Exploring digital business as a system

James Urquhart
Digital Anatomy
Published in
4 min readSep 20, 2016

I love to write about innovation in the way business uses and delivers technology. I wrote about cloud computing starting in 2006 (that first post is here) and continued writing until about the summer of 2014 (see CNET and GigaOm). At that point, I felt I’d written all I could about cloud computing (although there is still much to be done before the cycle is complete). So, aside from a few posts written for my employers from time to time, I stopped writing.

Now, I’m excited again. I’m seeing a significant revolution underway in digital businesses — businesses or business units that deliver their goods or services primarily over the Internet. This is a change fed by cloud computing, big data, continuous improvement (and optimization), machine learning, IoT, and the changing expectations of the customer/user.

But explaining this transition has been difficult. You often see system integrators and software companies talk about “digital transformation”, but that’s hardly a definitive statement. Transformation of what? Into what? And— perhaps most importantly — why? Others have played with the term “BizOps”, which plays off of the now ubiquitous “DevOps”, but that’s not wholly accurate either. (It probably comes closest, however.)

So, instead of trying to define a term right now, let me tell you a story about what’s happening. Beware, this will be a buzzword laden story, but there is a reason — so many trends are coming together that its hard not to tell the story without using common tags.

Once upon a time…

Back in the early to middle 1990s software was different. For one thing, scale was limited, generally, to the number of internal employees using a business application. Often, the issues of scaling were rested entirely on the database, and on the increasingly large (and hot) servers hosting them.

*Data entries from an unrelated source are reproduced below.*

lemma finite_subset_chain_bound:
  fixes S :: "nat \<Rightarrow> 'a set"
  assumes "finite F" "F \<subseteq> range S" "mono S"
  shows "\<exists>K. \<Union>F \<subseteq> S K"
proof -
  obtain I where I: "finite I" "F = S ` I"
    using finite_subset_image[OF assms(1,2)] by blast
  then obtain K where "I \<subseteq> {..<K}"
    using finite_nat_bounded by blast
  then have "S i \<subseteq> S K" if "i \<in> I" for i
    using that by (intro monoD[OF assms(3)]) auto
  then have "\<Union>F \<subseteq> S K"
    unfolding I(2) by (simp add: UN_subset_iff)
  then show ?thesis ..
qed

lemma finite_sublevel_subcover_bound:
  fixes f :: "'a \<Rightarrow> nat"
  assumes "finite F" "F \<subseteq> range (\<lambda>k. {x \<in> A. f x \<le> k})" "\<Union>F = A"
  shows "\<exists>K. \<forall>x\<in>A. f x \<le> K"
proof -
  have "mono (\<lambda>k. {x \<in> A. f x \<le> k})"
    by (rule monoI) auto
  from finite_subset_chain_bound[OF assms(1,2) this]
  obtain K where "\<Union>F \<subseteq> {x \<in> A. f x \<le> K}" ..
  then have "\<forall>x\<in>A. f x \<le> K"
    using assms(3) by auto
  then show ?thesis ..
qed

lemma finite_subset_range_bound:
  fixes W :: "nat \<Rightarrow> 'a"
  assumes "finite F" "F \<subseteq> range W"
  shows "\<exists>M. F \<subseteq> W ` {..<M}"
proof -
  obtain I where I: "finite I" "F = W ` I"
    using finite_subset_image[OF assms] by blast
  then obtain M where "I \<subseteq> {..<M}"
    using finite_nat_bounded by blast
  then have "F \<subseteq> W ` {..<M}"
    unfolding I(2) by (rule image_mono)
  then show ?thesis ..
qed

(* A point-cofinite cover indexed by a sequence W (possibly with repetitions) can be
  re-indexed by a sequence r with n <= r n so that every point lies in W (r n) for almost all n. *)
lemma point_cofinite_cover_subsequence:
  fixes W :: "nat \<Rightarrow> 'a set"
  assumes pc: "point_cofinite_cover T (range W)"
  shows "\<exists>r. (\<forall>n. n \<le> r n) \<and> (\<forall>x\<in>topspace T. \<forall>\<^sub>F n in sequentially. x \<in> W (r n))"
proof -
  have "\<exists>j. W j \<notin> W ` {..<n}" for n
  proof (rule ccontr)
    assume "\<nexists>j. W j \<notin> W ` {..<n}"
    then have "range W \<subseteq> W ` {..<n}" by blast
    then have "finite (range W)" by (rule finite_subset) simp
    then show False using pc unfolding point_cofinite_cover_def by simp
  qed
  then obtain r where r: "\<And>n. W (r n) \<notin> W ` {..<n}"
    by metis
  have "n \<le> r n" for n
  proof (rule ccontr)
    assume "\<not> n \<le> r n"
    then have "W (r n) \<in> W ` {..<n}" by simp
    then show False using r[of n] by contradiction
  qed
  moreover have "\<forall>\<^sub>F n in sequentially. x \<in> W (r n)" if x: "x \<in> topspace T" for x
  proof -
    have "finite {V \<in> range W. x \<notin> V}"
      using pc x unfolding point_cofinite_cover_def by blast
    then obtain M where M: "{V \<in> range W. x \<notin> V} \<subseteq> W ` {..<M}"
      using finite_subset_range_bound[of _ W] by blast
    have "x \<in> W (r n)" if "M \<le> n" for n
    proof (rule ccontr)
      assume "x \<notin> W (r n)"
      then have "W (r n) \<in> W ` {..<M}" using M by blast
      also have "\<dots> \<subseteq> W ` {..<n}" using that by (intro image_mono) auto
      finally show False using r[of n] by contradiction
    qed
    then show ?thesis
      unfolding eventually_sequentially by blast
  qed
  ultimately show ?thesis by blast
qed

(* Conversely, proper subsets W k that eventually contain every point form a
  point-cofinite cover; the properness makes the family infinite. *)
lemma point_cofinite_cover_if_eventually:
  fixes W :: "nat \<Rightarrow> 'a set"
  assumes sub: "\<And>k. W k \<subseteq> topspace T"
    and proper: "\<And>k. W k \<noteq> topspace T"
    and ev: "\<And>x. x \<in> topspace T \<Longrightarrow> \<forall>\<^sub>F k in sequentially. x \<in> W k"
  shows "point_cofinite_cover T (range W)"
  unfolding point_cofinite_cover_def
proof (intro conjI ballI)
  show "infinite (range W)"
  proof
    assume fin: "finite (range W)"
    have "\<forall>V\<in>range W. \<exists>p. p \<in> topspace T - V"
      using sub proper by blast
    then obtain p where p: "\<And>V. V \<in> range W \<Longrightarrow> p V \<in> topspace T - V"
      by metis
    have "\<forall>\<^sub>F k in sequentially. \<forall>V\<in>range W. p V \<in> W k"
      using p by (intro eventually_ball_finite fin ballI ev) blast
    then obtain k where "\<forall>V\<in>range W. p V \<in> W k"
      unfolding eventually_sequentially by blast
    then show False using p[of "W k"] by blast
  qed
  show "\<Union>(range W) = topspace T"
  proof
    show "\<Union>(range W) \<subseteq> topspace T" using sub by blast
    show "topspace T \<subseteq> \<Union>(range W)"
    proof
      fix x assume "x \<in> topspace T"
      then obtain k where "x \<in> W k"
        using ev unfolding eventually_sequentially by blast
      then show "x \<in> \<Union>(range W)" by blast
    qed
  qed
  fix x assume "x \<in> topspace T"
  then obtain M where "\<And>k. M \<le> k \<Longrightarrow> x \<in> W k"
    using ev unfolding eventually_sequentially by blast
  then have "{V \<in> range W. x \<notin> V} \<subseteq> W ` {..<M}"
    by (auto simp: not_less[symmetric])
  then show "finite {V \<in> range W. x \<notin> V}"
    by (rule finite_subset) simp
qed

(* Selecting the members V k j (j <= h k) of the k-th cover gives a point-cofinite cover
  as soon as every point eventually lies in one of them; no finite subcover keeps the unions proper. *)
lemma point_cofinite_selection:
  fixes V :: "nat \<Rightarrow> nat \<Rightarrow> 'a set" and h :: "nat \<Rightarrow> nat"
  assumes cover: "\<And>n. \<Union>(\<U> n) = topspace T"
    and no_finite_subcover: "\<And>n \<F>. finite \<F> \<Longrightarrow> \<F> \<subseteq> \<U> n \<Longrightarrow> \<Union>\<F> \<noteq> topspace T"
    and V: "\<And>n j. V n j \<in> \<U> n"
    and ev: "\<And>y. y \<in> topspace T \<Longrightarrow> \<forall>\<^sub>F k in sequentially. \<exists>j\<le>h k. y \<in> V k j"
  shows "point_cofinite_cover T (range (\<lambda>k. \<Union>(V k ` {..h k})))"
proof (rule point_cofinite_cover_if_eventually)
  show "\<Union>(V k ` {..h k}) \<subseteq> topspace T" for k
    using V cover by blast
  show "\<Union>(V k ` {..h k}) \<noteq> topspace T" for k
    using V by (intro no_finite_subcover) auto
  show "\<forall>\<^sub>F k in sequentially. y \<in> \<Union>(V k ` {..h k})" if "y \<in> topspace T" for y
    using ev[OF that] by eventually_elim blast
qed

lemma bounded_EF_UN:
  fixes S :: "nat \<Rightarrow> (nat \<Rightarrow> enat) set"
  assumes "\<And>m. bounded_EF (S m)"
  shows "bounded_EF (\<Union>m. S m)"
proof -
  obtain G where G: "\<And>m f. f \<in> S m \<Longrightarrow> \<forall>\<^sub>F n in sequentially. f n \<le> enat (G m n)"
    using assms unfolding bounded_EF_def by metis
  define g where "g n = (\<Sum>m\<le>n. G m n)" for n
  have "\<forall>\<^sub>F n in sequentially. f n \<le> enat (g n)" if f: "f \<in> S m" for f m
    using G[OF f] eventually_ge_at_top[of m]
  proof eventually_elim
    case (elim n)
    have "G m n \<le> g n"
      unfolding g_def by (rule member_le_sum[where f = "\<lambda>m. G m n"]) (use elim in auto)
    then show ?case using elim by (meson enat_ord_simps(1) order_trans)
  qed
  then show ?thesis unfolding bounded_EF_def by blast
qed

(* If some h N is unbounded, then for j >= 0 the sublevel sets of h (N + j)
  form countable open covers without finite subcovers, and the Hurewicz selection yields the bound. *)
lemma hurewicz_bounds_monotone_sequence:
  fixes h :: "nat \<Rightarrow> 'a \<Rightarrow> nat"
  assumes H: "hurewicz T"
    and sublevel_open: "\<And>n k. openin T {x \<in> topspace T. h n x \<le> k}"
    and mono: "\<And>n x. h n x \<le> h (Suc n) x"
  shows "\<exists>g. \<forall>x\<in>topspace T. \<forall>\<^sub>F n in sequentially. h n x \<le> g n"
proof (cases "\<forall>n. \<exists>K. \<forall>x\<in>topspace T. h n x \<le> K")
  case True
  then obtain K where "\<And>n x. x \<in> topspace T \<Longrightarrow> h n x \<le> K n"
    by metis
  then show ?thesis by (auto intro: always_eventually)
next
  case False
  then obtain N where N: "\<And>K. \<exists>x\<in>topspace T. K < h N x"
    by (auto simp: not_le)
  have h_mono: "h i x \<le> h j x" if "i \<le> j" for i j x
    using lift_Suc_mono_le[of "\<lambda>n. h n x", OF mono that] .
  define S where "S j k = {x \<in> topspace T. h (N + j) x \<le> k}" for j k
  have no_finite_subcover: "\<Union>F \<noteq> topspace T" if F: "finite F" "F \<subseteq> range (S j)" for F j
  proof
    assume "\<Union>F = topspace T"
    then obtain K where "\<forall>x\<in>topspace T. h (N + j) x \<le> K"
      using finite_sublevel_subcover_bound[OF F[unfolded S_def] \<open>\<Union>F = topspace T\<close>] by blast
    moreover obtain x where "x \<in> topspace T" "K < h N x"
      using N by blast
    ultimately show False
      using h_mono[of N "N + j" x] by auto
  qed
  have "\<exists>F. (\<forall>j. finite (F j) \<and> F j \<subseteq> range (S j)) \<and> point_cofinite_cover T (range (\<lambda>j. \<Union>(F j)))"
  proof (rule hurewiczD[where T = T and \<U> = "\<lambda>j. range (S j)"])
    show "hurewicz T" by (fact H)
    show "countable (range (S j))" for j by simp
    show "openin T V" if "V \<in> range (S j)" for j V
      using that sublevel_open by (auto simp: S_def)
    show "\<Union>(range (S j)) = topspace T" for j
      unfolding S_def by auto
    show "\<Union>F \<noteq> topspace T" if "finite F" "F \<subseteq> range (S j)" for j F
      using that by (rule no_finite_subcover)
  qed blast
  then obtain F where F: "\<And>j. finite (F j)" "\<And>j. F j \<subseteq> range (S j)"
    and pc: "point_cofinite_cover T (range (\<lambda>j. \<Union>(F j)))"
    by blast
  have "\<exists>K. \<Union>(F j) \<subseteq> S j K" for j
    using F(1,2)[of j] by (intro finite_subset_chain_bound) (auto simp: S_def intro: monoI)
  then obtain k where k: "\<And>j. \<Union>(F j) \<subseteq> S j (k j)"
    by metis
  obtain r where r_ge: "\<And>n. n \<le> r n"
    and r_ev: "\<And>x. x \<in> topspace T \<Longrightarrow> \<forall>\<^sub>F n in sequentially. x \<in> \<Union>(F (r n))"
    using point_cofinite_cover_subsequence[OF pc] by blast
  have "\<forall>\<^sub>F n in sequentially. h n x \<le> k (r n)" if "x \<in> topspace T" for x
    using r_ev[OF that]
  proof eventually_elim
    case (elim n)
    then have "h (N + r n) x \<le> k (r n)"
      using k[of "r n"] by (auto simp: S_def)
    moreover have "h n x \<le> h (N + r n) x"
      using r_ge[of n] by (intro h_mono) simp
    ultimately show ?case by simp
  qed
  then show ?thesis by (intro exI[of _ "\<lambda>n. k (r n)"]) blast
qed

Occasionally you’d find a forward thinking development team deploy a so-called “three tier application”, where business logic was also hosted server side, but most often it was true “client-server”, where tens or hundreds of identical clients containing most business logic would talk directly to databases which would offload some logic into stored procedures.

This worked because there were few moving parts, and the demand for scale was low. These applications looked like simple, isolated digital machines, and as such were engineered (or architected) with strict definition of mechanisms, protocols and — most importantly — structures.

But as larger and larger companies moved away from paper processes to online databases and business process applications, the question of meeting demand started to stress simple architectures, so methodologies and frameworks were developed to try and handle “complicatedness” in a way that was simple for the developer to create, while ensuring stable operation in production. These methodologies and frameworks were “good enough”, but often failed to keep up with business dynamics.

The web changed everything…

When the World Wide Web and other Internet innovations enabled businesses to offer content and applications directly to customers, there was a rapid spike in demands on scale, resilience and interconnectedness. Suddenly, 10,000 users became 100,000,000 users. 99% uptime targets weren’t nearly good enough. And new dependencies were being created every day across the Internet, across company boundaries and across customer demographics.

The combination of interconnected applications and large scale changed the dynamics of software design forever. “Architecture” in the sense of defining a rigid blueprint for application design wasn’t going to work for large scale systems. Even crazier, the Internet itself was becoming one huge complex adaptive system on which all businesses were increasingly dependent.

This old Stockholm telephone tower demonstrates the futility of trying to centralize control as the complexity and scale of a distributed system increases.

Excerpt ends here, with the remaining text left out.